MATERIAL FOR THIS TASK:
lemma harmonic_off_point_constant:
  fixes g :: "'s \<Rightarrow> real"
  assumes fin: "finite S" and z: "z \<in> S" and st: "stochastic S P" and irr: "irreducible S P"
    and harm: "\<forall>x\<in>S-{z}. g x = (\<Sum>y\<in>S. P x y * g y)" and x: "x \<in> S"
  shows "g x = g z"
proof -
  have "\<forall>x\<in>S-{z}. - g x = (\<Sum>y\<in>S. P x y * - g y)" using harm by (simp add: sum_negf)
  then have "- g x \<le> - g z" by (rule harmonic_off_point_le[OF fin z st irr _ x])
  moreover have "g x \<le> g z" by (rule harmonic_off_point_le[OF fin z st irr harm x])
  ultimately show ?thesis by simp
qed

lemma injective_linear_system_solvable:
  fixes A :: "'s \<Rightarrow> 's \<Rightarrow> real" and f :: "'s \<Rightarrow> real"
  assumes fin: "finite T"
    and inj: "\<And>g. \<forall>x\<in>T. (\<Sum>y\<in>T. A x y * g y) = 0 \<Longrightarrow> \<forall>x\<in>T. g x = 0"
  shows "\<exists>h. \<forall>x\<in>T. (\<Sum>y\<in>T. A x y * h y) = f x"
proof -
  define m where "m = card T"
  obtain e where e: "bij_betw e {0..<m} T"
    using ex_bij_betw_nat_finite[OF fin] m_def by auto
  define ei where "ei = inv_into {0..<m} e"
  have ei_e: "ei (e b) = b" if "b < m" for b
    using bij_betw_inv_into_left[OF e] that by (simp add: ei_def)
  have e_ei: "e (ei y) = y" "ei y < m" if "y \<in> T" for y
    using bij_betw_inv_into_right[OF e that] bij_betw_apply[OF bij_betw_inv_into[OF e] that]
    by (simp_all add: ei_def)
  define B :: "real mat" where "B = mat m m (\<lambda>(a, b). A (e a) (e b))"
  have B: "B \<in> carrier_mat m m" by (simp add: B_def)
  have B_mult: "(B *\<^sub>v v) $ ei x = (\<Sum>y\<in>T. A x y * v $ ei y)"
    if "dim_vec v = m" "x \<in> T" for v x
  proof -
    have "(B *\<^sub>v v) $ ei x = (\<Sum>b\<in>{0..<m}. A (e (ei x)) (e b) * v $ ei (e b))"
      using that e_ei[OF that(2)] by (simp add: B_def scalar_prod_def ei_e)
    also have "\<dots> = (\<Sum>y\<in>T. A x y * v $ ei y)"
      using sum.reindex_bij_betw[OF e, of "\<lambda>y. A x y * v $ ei y"] e_ei[OF that(2)] by simp
    finally show ?thesis .
  qed
  have "det B \<noteq> 0"
  proof
    assume "det B = 0"
    then obtain v where v: "v \<in> carrier_vec m" "v \<noteq> 0\<^sub>v m" "B *\<^sub>v v = 0\<^sub>v m"
      using det_0_iff_vec_prod_zero[OF B] by auto
    have "\<forall>x\<in>T. (\<Sum>y\<in>T. A x y * v $ ei y) = 0"
      using v B_mult e_ei by (metis carrier_vecD index_zero_vec(1))
    then have zero: "\<forall>y\<in>T. v $ ei y = 0" by (rule inj)
    have "v $ b = 0" if "b < m" for b
    proof -
      have "e b \<in> T" using bij_betw_apply[OF e] that by simp
      then show ?thesis using zero ei_e[OF that] by metis
    qed
    then have "v = 0\<^sub>v m" using v(1) by (intro eq_vecI) auto
    with v(2) show False ..
  qed
  then have "B \<in> Units (ring_mat TYPE(real) m ())" by (rule det_non_zero_imp_unit[OF B])
  then obtain B' where B': "B' \<in> carrier_mat m m" "B * B' = 1\<^sub>m m"
    unfolding Units_def ring_mat_def by auto
  define v where "v = B' *\<^sub>v vec m (\<lambda>a. f (e a))"
  have v: "dim_vec v = m" using B' by (simp add: v_def)
  have "B *\<^sub>v v = vec m (\<lambda>a. f (e a))"
    using assoc_mult_mat_vec[OF B B'(1)] B'(2) by (simp add: v_def)
  then have "\<forall>x\<in>T. (\<Sum>y\<in>T. A x y * v $ ei y) = f x"
    using B_mult[OF v] e_ei by (metis index_vec)
  then show ?thesis by (intro exI[of _ "\<lambda>y. v $ ei y"])
qed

WHAT IS NEEDED:
Repeat the listing. Keep every character the same.

SOLUTION BELOW:
lemma harmonic_off_point_constant:
  fixes g :: "'s \<Rightarrow> real"
  assumes fin: "finite S" and z: "z \<in> S" and st: "stochastic S P" and irr: "irreducible S P"
    and harm: "\<forall>x\<in>S-{z}. g x = (\<Sum>y\<in>S. P x y * g y)" and x: "x \<in> S"
  shows "g x = g z"
proof -
  have "\<forall>x\<in>S-{z}. - g x = (\<Sum>y\<in>S. P x y * - g y)" using harm by (simp add: sum_negf)
  then have "- g x \<le> - g z" by (rule harmonic_off_point_le[OF fin z st irr _ x])
  moreover have "g x \<le> g z" by (rule harmonic_off_point_le[OF fin z st irr harm x])
  ultimately show ?thesis by simp
qed

lemma injective_linear_system_solvable:
  fixes A :: "'s \<Rightarrow> 's \<Rightarrow> real" and f :: "'s \<Rightarrow> real"
  assumes fin: "finite T"
    and inj: "\<And>g. \<forall>x\<in>T. (\<Sum>y\<in>T. A x y * g y) = 0 \<Longrightarrow> \<forall>x\<in>T. g x = 0"
  shows "\<exists>h. \<forall>x\<in>T. (\<Sum>y\<in>T. A x y * h y) = f x"
proof -
  define m where "m = card T"
  obtain e where e: "bij_betw e {0..<m} T"
    using ex_bij_betw_nat_finite[OF fin] m_def by auto
  define ei where "ei = inv_into {0..<m} e"
  have ei_e: "ei (e b) = b" if "b < m" for b
    using bij_betw_inv_into_left[OF e] that by (simp add: ei_def)
  have e_ei: "e (ei y) = y" "ei y < m" if "y \<in> T" for y
    using bij_betw_inv_into_right[OF e that] bij_betw_apply[OF bij_betw_inv_into[OF e] that]
    by (simp_all add: ei_def)
  define B :: "real mat" where "B = mat m m (\<lambda>(a, b). A (e a) (e b))"
  have B: "B \<in> carrier_mat m m" by (simp add: B_def)
  have B_mult: "(B *\<^sub>v v) $ ei x = (\<Sum>y\<in>T. A x y * v $ ei y)"
    if "dim_vec v = m" "x \<in> T" for v x
  proof -
    have "(B *\<^sub>v v) $ ei x = (\<Sum>b\<in>{0..<m}. A (e (ei x)) (e b) * v $ ei (e b))"
      using that e_ei[OF that(2)] by (simp add: B_def scalar_prod_def ei_e)
    also have "\<dots> = (\<Sum>y\<in>T. A x y * v $ ei y)"
      using sum.reindex_bij_betw[OF e, of "\<lambda>y. A x y * v $ ei y"] e_ei[OF that(2)] by simp
    finally show ?thesis .
  qed
  have "det B \<noteq> 0"
  proof
    assume "det B = 0"
    then obtain v where v: "v \<in> carrier_vec m" "v \<noteq> 0\<^sub>v m" "B *\<^sub>v v = 0\<^sub>v m"
      using det_0_iff_vec_prod_zero[OF B] by auto
    have "\<forall>x\<in>T. (\<Sum>y\<in>T. A x y * v $ ei y) = 0"
      using v B_mult e_ei by (metis carrier_vecD index_zero_vec(1))
    then have zero: "\<forall>y\<in>T. v $ ei y = 0" by (rule inj)
    have "v $ b = 0" if "b < m" for b
    proof -
      have "e b \<in> T" using bij_betw_apply[OF e] that by simp
      then show ?thesis using zero ei_e[OF that] by metis
    qed
    then have "v = 0\<^sub>v m" using v(1) by (intro eq_vecI) auto
    with v(2) show False ..
  qed
  then have "B \<in> Units (ring_mat TYPE(real) m ())" by (rule det_non_zero_imp_unit[OF B])
  then obtain B' where B': "B' \<in> carrier_mat m m" "B * B' = 1\<^sub>m m"
    unfolding Units_def ring_mat_def by auto
  define v where "v = B' *\<^sub>v vec m (\<lambda>a. f (e a))"
  have v: "dim_vec v = m" using B' by (simp add: v_def)
  have "B *\<^sub>v v = vec m (\<lambda>a. f (e a))"
    using assoc_mult_mat_vec[OF B B'(1)] B'(2) by (simp add: v_def)
  then have "\<forall>x\<in>T. (\<Sum>y\<in>T. A x y * v $ ei y) = f x"
    using B_mult[OF v] e_ei by (metis index_vec)
  then show ?thesis by (intro exI[of _ "\<lambda>y. v $ ei y"])
qed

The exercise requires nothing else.